Но успокоилась она видно зря, потому что по знаку старшего здоровенный детина вдруг схватил ее за грудки так, что ей сразу же стало не хватать воздуха.
— Ты за лохов нас не держи, что журналистке наплела? Почему она тебя выбрала? Ты с ней раньше встречалась? Она бабки тебе обещала, чтобы ты ей инфу слила?
— Да какая журналистка-то? Ой, мамочки, задушишь! — барахталась в своей шубе Полина. — Я ее только в автобусе и увидела, а раньше и знать не знала! Да на кой она мне!
— Последний раз спрашиваю, что она от тебя хотела? — прошипел хрипло дядька, и Полина вдруг с испугом заметила, что машина уже не едет, а стоит.
— Да вот чем хошь поклянусь, что первый раз в жизни ее видела, да и ничего она такого не спрашивала. Я ей даже название препарата не сказала! Да я вообще ничего не знаю!
— Врет, — процедил сквозь зубы детина, не ослабляя хватки. — Я проверял, она раньше с Девятовым спала.
— Да он со всеми спал! — снова захныкала Полина. — Он вообще ко всем клеился! А я не знаю ничего, и ей ничего не говорила, ни про баб беременных, ни про уродцев их, ни о шизиках из эксперементалки, — выла Полина, изо всех сил давя на жалость, усиленно обливаясь слезами, а потому не заметила, как изменилось лица ее похитителей.
— Значит, о шизиках не сказала? — ласково спросил хриплый дядька.
— А зачем? Ей же не это было интересно? И вообще, она сразу у метро свалила, даже дослушивать не стала, — все еще не замечая промаха, отчитывалась Полина.
— А сама о них откуда узнала? — так же ласково и спокойно прохрипел с переднего сиденья старший.
— Так я с Девятовым однажды в клинику ездила, за компанию, он потом обещал домой подбросить, и затем у закрытого корпуса ждала. А он злой пришел, и всю дорогу ругался, и домой меня не повез, а у метро выкинул. Я не все поняла из того, что он говорил, только что шизанутые те, как таблеток наших наедятся, так совсем с катушек съезжают, — торопливо рассказывала Полина, стараясь разглядеть сквозь непроницаемые стекла, куда ее завезли и далеко ли теперь до дома топать. — Им потом хоть кувалдой по башке, хоть в горящую машину залезть, все по барабану.

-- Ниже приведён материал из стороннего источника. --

(* Fix $t\in\mathbb{Z}_+$ and $\epsilon=O(t)^{-t}$. There exists a distribution $A$ over $\mathbb{R}$ such that: (1) there exist distributions $Q_1,Q_2$ with $A=(1-\epsilon)Q_1+\epsilon Q_2$; (2) $A$ matches its first $t$ moments with $\mathcal{N}(0,1)$; (3) $\mathbb{E}_{X\sim Q_1}[X]=\delta$, where $\delta=\frac1{2000}\frac1t\epsilon^{1-1/t}$; (4) for all $i\ge1$, $(\mathbb{E}_{X\sim Q_1}[|X-\delta|^i])^{1/i}=O(\sqrt i)$; (5) $\chi^2(A,\mathcal{N}(0,1))<\exp(O(\delta^2/\epsilon^2))$.
   Context: $\chi^2(A,N)=\int A(x)^2/N(x)\,dx-1$. The hypothesis $\epsilon=O(t)^{-t}$ means $0<\epsilon\le(C_0t)^{-t}$ for a suitable absolute constant $C_0$. *)

theory Defs
  imports "HOL-Probability.Probability"
begin

definition is_density :: "(real \<Rightarrow> real) \<Rightarrow> bool" where
  "is_density f \<longleftrightarrow> f \<in> borel_measurable lborel \<and> (\<forall>x. 0 \<le> f x)
     \<and> integrable lborel f \<and> (LINT x|lborel. f x) = 1"

definition chi2 :: "(real \<Rightarrow> real) \<Rightarrow> (real \<Rightarrow> real) \<Rightarrow> real" where
  "chi2 a n = (LINT x|lborel. (a x)\<^sup>2 / n x) - 1"

end

theory Submission
  imports Defs "HOL-Computational_Algebra.Polynomial"
begin

text \<open>Take A = N(0,1) + \<epsilon> (P + Q2), where Q2 = N(-m, 1/2) is a far bump at -m, with m about
  \<delta>/\<epsilon>, and P = \<Sum>j W j N(j/(t+1), 1/2) is a signed combination of bumps on a grid in [0,1].
  The k-th raw moment of N(c, \<sigma>^2) is a polynomial of degree k in c, so choosing W j = - L j (-m),
  with L the Lagrange basis of the grid, makes P + Q2 orthogonal to all polynomials of degree at
  most t, and A matches the moments of N(0,1) up to order t. The weights are at most
  ((m+1)(t+1))^t each, and the hypothesis on \<epsilon> makes their total at most 1/(5 \<epsilon>): hence
  Q1 = (N(0,1) + \<epsilon> P)/(1 - \<epsilon>) is a density bounded by 4 N(0,1), therefore sub-Gaussian, and its
  mean is \<epsilon> m/(1 - \<epsilon>) = \<delta>. The chi-square divergence comes from the far bump alone and is of
  order exp(2 m^2/3).\<close>

lemma normal_central_moment_shift:
  assumes "(\<sigma>::real) > 0"
  shows "(LINT x|lborel. normal_density \<mu> \<sigma> x * (x - \<mu>) ^ n) = (LINT x|lborel. normal_density 0 \<sigma> x * x ^ n)"
proof (cases "even n")
  case True
  then obtain k where "n = 2 * k" by (auto elim: evenE)
  then show ?thesis
    using integral_normal_moment_even[OF assms, of \<mu> k] integral_normal_moment_even[OF assms, of 0 k] by simp
next
  case False
  then obtain k where "n = 2 * k + 1" by (auto elim: oddE)
  then show ?thesis
    using integral_normal_moment_odd[OF assms, of \<mu> k] integral_normal_moment_odd[OF assms, of 0 k] by simp
qed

— Так. А «лаборантке», значит, говорить об этом не стала? — вкрадчиво уточнил дядька.
— Так она и не спрашивала, — максимально убедительно проговорила Полина, кивая дядьке всем корпусом.
Дядька ей ничего не ответил, просто молча отвернулся, а сидевший рядом здоровяк открыл дверь и потянул ее за рукав на улицу.
— Вылезай давай, — коротко велел он, вытаскивая Полину под мокрый секущий снег.
Она тут же недовольно скривилась, поскользнулась на раскисшей пожухлой траве газона, но выругаться не успела. Почувствовала на шее узкий, режущий кожу шнур. Задергалась, захрипела и наконец обмякла. Весь мир для нее мгновенно свернулся в крохотную черную точку и исчез.
Они действительно оказались словно на собственном маленьком тропическом островке. Пол был устлан настоящим песком, теплым и нежным, деревянные лежаки, маленький бассейн с морской водой, экзотического вида массажистки и тихий шелест волн вместо музыки.
Женя ощущала глубокое, безмятежное блаженство. Словно не было долгого, промозглого ноябрьского дня, с мокрыми ногами, толчеей общественного транспорта, с поиском свидетелей. Да и убийств никаких на свете тоже не существовало. А существовали только тепло, нежность ласковых, сильных рук, разминающих ей спину, ароматы тропического сада, шелест океанских волн и покой. Женька счастливо вздохнула. Она даже забыла о лежащем на соседнем топчане финансовом консультанте, настолько ей было чудесно в этом СПА-раю.
Возможно, она и не вспомнила бы о нем до конца процедуры, если он сам о себе не напомнил.
— Ну, Женечка, как вам наше маленькое путешествие в тропический рай? — промурлыкал он у самого уха тягучим, глубоким, как рокот прибоя, голосом.
Не ответить было нельзя. Во-первых, невежливо, во-вторых, неудобно. Вдруг обидится? А Женьке отчего-то не хотелось, чтобы он обижался. А потому она повернула к нему свое сонное, бессмысленно счастливое лицо и размякшим голосом, едва ворочая языком, пробормотала:
— Чудесно.
— Надеюсь, вы уже забыли о сегодняшних странствиях по сырому, холодному городу? — продолжил он светскую беседу.
«Забыла, пока ты не напомнил», — выныривая из блаженной безмятежности, недовольно подумала Женя. Но вслух лишь неопределенно промычала, что должно было означать: «Отстань, не видишь, я в трансе».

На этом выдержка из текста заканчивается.